* EXERCISE DESCRIPTION *
Could you repeat the entries below word for word, leaving nothing out?

* SOURCE DATA *
lemma arc_penult_first_if_even_chord:
  assumes chord: "arc j i" and "i + 2 \<le> j" and "j \<le> k + 2" and "even i" and "even j"
  shows "arc (k + 1) 0"
proof -
  have j_cases: "j \<le> k - 1 \<or> j = k + 1"
    using assms(3,5) odd_k by presburger
  have "\<exists>y. even y \<and> 2 \<le> y \<and> y \<le> k + 1 \<and> arc y 0"
  proof -
    have "i = 0 \<or> i = 2 \<or> 4 \<le> i"
      using \<open>even i\<close> by presburger
    then consider "i = 0" | "i = 2" | "4 \<le> i"
      by blast
    then show ?thesis
    proof cases
      case 1
      then show ?thesis using chord assms(2,5) j_cases by (intro exI[of _ j]) auto
    next
      case 2
      show ?thesis using j_cases
      proof
        assume j: "j \<le> k - 1"
        have "arc (k + 2) 4" by (rule arc_odd_span) (use k_ge_5 odd_k in presburger)+
        moreover have "arc 3 0" using arc_span_3[of 0] k_ge_5 by simp
        ultimately have "arc (j + 2) 0"
          by (intro arc_of_linked_blocks[where bs="[(j+2,k+2),(4,j),(2,3),(0,0)]"])
            (use chord 2 assms(2,3) j k_ge_5 in auto)
        then show ?thesis using assms j by (intro exI[of _ "j + 2"]) auto
      next
        assume j: "j = k + 1"
        have "arc (k + 1) 0"
          by (intro arc_of_linked_blocks[where bs="[(k+1,k+1),(2,k),(0,0)]"])
            (use arc_span_k[of 0] chord 2 j k_ge_5 in auto)
        then show ?thesis using odd_k k_ge_5 by (intro exI[of _ "k + 1"]) auto
      qed
    next
      case 3
      have "arc (i + 1) 2" by (rule arc_odd_span) (use 3 assms(2-5) in presburger)+
      moreover have "arc (i - 1) 0" by (rule arc_odd_span) (use 3 assms(2-5) in presburger)+
      ultimately show ?thesis using j_cases
      proof (elim disjE)
        assume j: "j \<le> k - 1" and "arc (i + 1) 2" "arc (i - 1) 0"
        moreover have "arc (k + 2) (i + 2)"
          by (rule arc_odd_span) (use 3 assms(2-5) j odd_k in presburger)+
        ultimately have "arc (j + 2) 0"
          by (intro arc_of_linked_blocks[where bs="[(j+2,k+2),(i+2,j),(i,i+1),(2,i-1),(0,0)]"])
            (use chord 3 assms(2,3) j k_ge_5 in auto)
        then show ?thesis using assms j by (intro exI[of _ "j + 2"]) auto
      next
        assume j: "j = k + 1" and "arc (i + 1) 2" "arc (i - 1) 0"
        moreover have "arc k 2" by (rule arc_odd_span) (use k_ge_5 odd_k in presburger)+
        ultimately have "arc (k + 1) 0"
          by (intro arc_of_linked_blocks[where bs="[(k+1,k+1),(i,k),(2,i-1),(0,0)]"])
            (use chord 3 assms(2,3) j k_ge_5 in auto)
        then show ?thesis using odd_k k_ge_5 by (intro exI[of _ "k + 1"]) auto
      qed
    qed
  qed
  then obtain y where "even y" "2 \<le> y" "y \<le> k + 1" "arc y 0"
    by blast
  moreover have "even (k + 1 - y)"
    using \<open>even y\<close> \<open>y \<le> k + 1\<close> odd_k by presburger
  ultimately show ?thesis
    using arc_to_first_ascend[of y "k + 1"] by simp
qed

lemma arc_last_second_if_odd_chord:
  assumes chord: "arc j i" and "i + 2 \<le> j" and "j \<le> k + 2" and "odd i" and "odd j"
  shows "arc (k + 2) 1"
proof -
  have arc_k_2: "arc k 2"
    by (rule arc_odd_span) (use k_ge_5 odd_k in presburger)+
  have "\<exists>x. odd x \<and> x \<le> k \<and> arc (k + 2) x"
  proof -
    have "j = k + 2 \<or> j \<le> k - 2 \<or> j = k" and "i = 1 \<or> 3 \<le> i"
      using assms(3-5) odd_k by presburger+
    then consider "j = k + 2" | "i = 1" "j \<le> k - 2" | "i = 1" "j = k"
      | "3 \<le> i" "j \<le> k - 2" | "3 \<le> i" "j = k"
      by blast
    then show ?thesis
    proof cases
      case 1
      then show ?thesis using assms by (intro exI[of _ i]) auto
    next
      case 2
      have "arc (k + 2) (j + 1)"
        by (rule arc_odd_span) (use 2 assms(2-5) odd_k in presburger)+
      then have "arc (k + 2) 1"
        by (intro arc_of_linked_blocks[where bs="[(k+2,k+2),(j+1,k),(2,j),(1,1)]"])
          (use arc_k_2 chord 2 assms(2,3) k_ge_5 in auto)
      then show ?thesis using k_ge_5 by (intro exI[of _ 1]) auto
    next
      case 3
      have "arc (k + 2) 1"
        by (intro arc_of_linked_blocks[where bs="[(k+2,k+2),(2,k),(1,1)]"])
          (use arc_span_k[of 2] chord 3 k_ge_5 in auto)
      then show ?thesis using k_ge_5 by (intro exI[of _ 1]) auto
    next
      case 4
      have "arc (k + 2) (j + 1)" and "arc k (j - 1)" and "arc (j - 2) 0"
        by (rule arc_odd_span; use 4 assms(2-5) odd_k in presburger)+
      then have "arc (k + 2) (i - 2)"
        by (intro arc_of_linked_blocks[where bs="[(k+2,k+2),(j+1,k),(j-1,j),(i,j-2),(0,i-2)]"])
          (use chord 4 assms(2,3) k_ge_5 in auto)
      then show ?thesis using 4 assms by (intro exI[of _ "i - 2"]) auto
    next
      case 5
      have "arc (k + 2) (k - 1)"
        using arc_span_3[of "k - 1"] k_ge_5 by simp
      moreover have "arc (k - 2) 0"
        by (rule arc_odd_span) (use k_ge_5 odd_k in presburger)+
      ultimately have "arc (k + 2) (i - 2)"
        by (intro arc_of_linked_blocks[where bs="[(k+2,k+2),(k-1,k),(i,k-2),(0,i-2)]"])
          (use chord 5 assms(2,3) k_ge_5 in auto)
      then show ?thesis using 5 assms by (intro exI[of _ "i - 2"]) auto
    qed
  qed
  then obtain x where "odd x" "x \<le> k" "arc (k + 2) x"
    by blast
  moreover have "even (x - 1)" "1 \<le> x"
    using \<open>odd x\<close> by presburger+
  ultimately show ?thesis
    using arc_from_last_descend[of x 1] by simp
qed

* TASK RESPONSE *
lemma arc_penult_first_if_even_chord:
  assumes chord: "arc j i" and "i + 2 \<le> j" and "j \<le> k + 2" and "even i" and "even j"
  shows "arc (k + 1) 0"
proof -
  have j_cases: "j \<le> k - 1 \<or> j = k + 1"
    using assms(3,5) odd_k by presburger
  have "\<exists>y. even y \<and> 2 \<le> y \<and> y \<le> k + 1 \<and> arc y 0"
  proof -
    have "i = 0 \<or> i = 2 \<or> 4 \<le> i"
      using \<open>even i\<close> by presburger
    then consider "i = 0" | "i = 2" | "4 \<le> i"
      by blast
    then show ?thesis
    proof cases
      case 1
      then show ?thesis using chord assms(2,5) j_cases by (intro exI[of _ j]) auto
    next
      case 2
      show ?thesis using j_cases
      proof
        assume j: "j \<le> k - 1"
        have "arc (k + 2) 4" by (rule arc_odd_span) (use k_ge_5 odd_k in presburger)+
        moreover have "arc 3 0" using arc_span_3[of 0] k_ge_5 by simp
        ultimately have "arc (j + 2) 0"
          by (intro arc_of_linked_blocks[where bs="[(j+2,k+2),(4,j),(2,3),(0,0)]"])
            (use chord 2 assms(2,3) j k_ge_5 in auto)
        then show ?thesis using assms j by (intro exI[of _ "j + 2"]) auto
      next
        assume j: "j = k + 1"
        have "arc (k + 1) 0"
          by (intro arc_of_linked_blocks[where bs="[(k+1,k+1),(2,k),(0,0)]"])
            (use arc_span_k[of 0] chord 2 j k_ge_5 in auto)
        then show ?thesis using odd_k k_ge_5 by (intro exI[of _ "k + 1"]) auto
      qed
    next
      case 3
      have "arc (i + 1) 2" by (rule arc_odd_span) (use 3 assms(2-5) in presburger)+
      moreover have "arc (i - 1) 0" by (rule arc_odd_span) (use 3 assms(2-5) in presburger)+
      ultimately show ?thesis using j_cases
      proof (elim disjE)
        assume j: "j \<le> k - 1" and "arc (i + 1) 2" "arc (i - 1) 0"
        moreover have "arc (k + 2) (i + 2)"
          by (rule arc_odd_span) (use 3 assms(2-5) j odd_k in presburger)+
        ultimately have "arc (j + 2) 0"
          by (intro arc_of_linked_blocks[where bs="[(j+2,k+2),(i+2,j),(i,i+1),(2,i-1),(0,0)]"])
            (use chord 3 assms(2,3) j k_ge_5 in auto)
        then show ?thesis using assms j by (intro exI[of _ "j + 2"]) auto
      next
        assume j: "j = k + 1" and "arc (i + 1) 2" "arc (i - 1) 0"
        moreover have "arc k 2" by (rule arc_odd_span) (use k_ge_5 odd_k in presburger)+
        ultimately have "arc (k + 1) 0"
          by (intro arc_of_linked_blocks[where bs="[(k+1,k+1),(i,k),(2,i-1),(0,0)]"])
            (use chord 3 assms(2,3) j k_ge_5 in auto)
        then show ?thesis using odd_k k_ge_5 by (intro exI[of _ "k + 1"]) auto
      qed
    qed
  qed
  then obtain y where "even y" "2 \<le> y" "y \<le> k + 1" "arc y 0"
    by blast
  moreover have "even (k + 1 - y)"
    using \<open>even y\<close> \<open>y \<le> k + 1\<close> odd_k by presburger
  ultimately show ?thesis
    using arc_to_first_ascend[of y "k + 1"] by simp
qed

lemma arc_last_second_if_odd_chord:
  assumes chord: "arc j i" and "i + 2 \<le> j" and "j \<le> k + 2" and "odd i" and "odd j"
  shows "arc (k + 2) 1"
proof -
  have arc_k_2: "arc k 2"
    by (rule arc_odd_span) (use k_ge_5 odd_k in presburger)+
  have "\<exists>x. odd x \<and> x \<le> k \<and> arc (k + 2) x"
  proof -
    have "j = k + 2 \<or> j \<le> k - 2 \<or> j = k" and "i = 1 \<or> 3 \<le> i"
      using assms(3-5) odd_k by presburger+
    then consider "j = k + 2" | "i = 1" "j \<le> k - 2" | "i = 1" "j = k"
      | "3 \<le> i" "j \<le> k - 2" | "3 \<le> i" "j = k"
      by blast
    then show ?thesis
    proof cases
      case 1
      then show ?thesis using assms by (intro exI[of _ i]) auto
    next
      case 2
      have "arc (k + 2) (j + 1)"
        by (rule arc_odd_span) (use 2 assms(2-5) odd_k in presburger)+
      then have "arc (k + 2) 1"
        by (intro arc_of_linked_blocks[where bs="[(k+2,k+2),(j+1,k),(2,j),(1,1)]"])
          (use arc_k_2 chord 2 assms(2,3) k_ge_5 in auto)
      then show ?thesis using k_ge_5 by (intro exI[of _ 1]) auto
    next
      case 3
      have "arc (k + 2) 1"
        by (intro arc_of_linked_blocks[where bs="[(k+2,k+2),(2,k),(1,1)]"])
          (use arc_span_k[of 2] chord 3 k_ge_5 in auto)
      then show ?thesis using k_ge_5 by (intro exI[of _ 1]) auto
    next
      case 4
      have "arc (k + 2) (j + 1)" and "arc k (j - 1)" and "arc (j - 2) 0"
        by (rule arc_odd_span; use 4 assms(2-5) odd_k in presburger)+
      then have "arc (k + 2) (i - 2)"
        by (intro arc_of_linked_blocks[where bs="[(k+2,k+2),(j+1,k),(j-1,j),(i,j-2),(0,i-2)]"])
          (use chord 4 assms(2,3) k_ge_5 in auto)
      then show ?thesis using 4 assms by (intro exI[of _ "i - 2"]) auto
    next
      case 5
      have "arc (k + 2) (k - 1)"
        using arc_span_3[of "k - 1"] k_ge_5 by simp
      moreover have "arc (k - 2) 0"
        by (rule arc_odd_span) (use k_ge_5 odd_k in presburger)+
      ultimately have "arc (k + 2) (i - 2)"
        by (intro arc_of_linked_blocks[where bs="[(k+2,k+2),(k-1,k),(i,k-2),(0,i-2)]"])
          (use chord 5 assms(2,3) k_ge_5 in auto)
      then show ?thesis using 5 assms by (intro exI[of _ "i - 2"]) auto
    qed
  qed
  then obtain x where "odd x" "x \<le> k" "arc (k + 2) x"
    by blast
  moreover have "even (x - 1)" "1 \<le> x"
    using \<open>odd x\<close> by presburger+
  ultimately show ?thesis
    using arc_from_last_descend[of x 1] by simp
qed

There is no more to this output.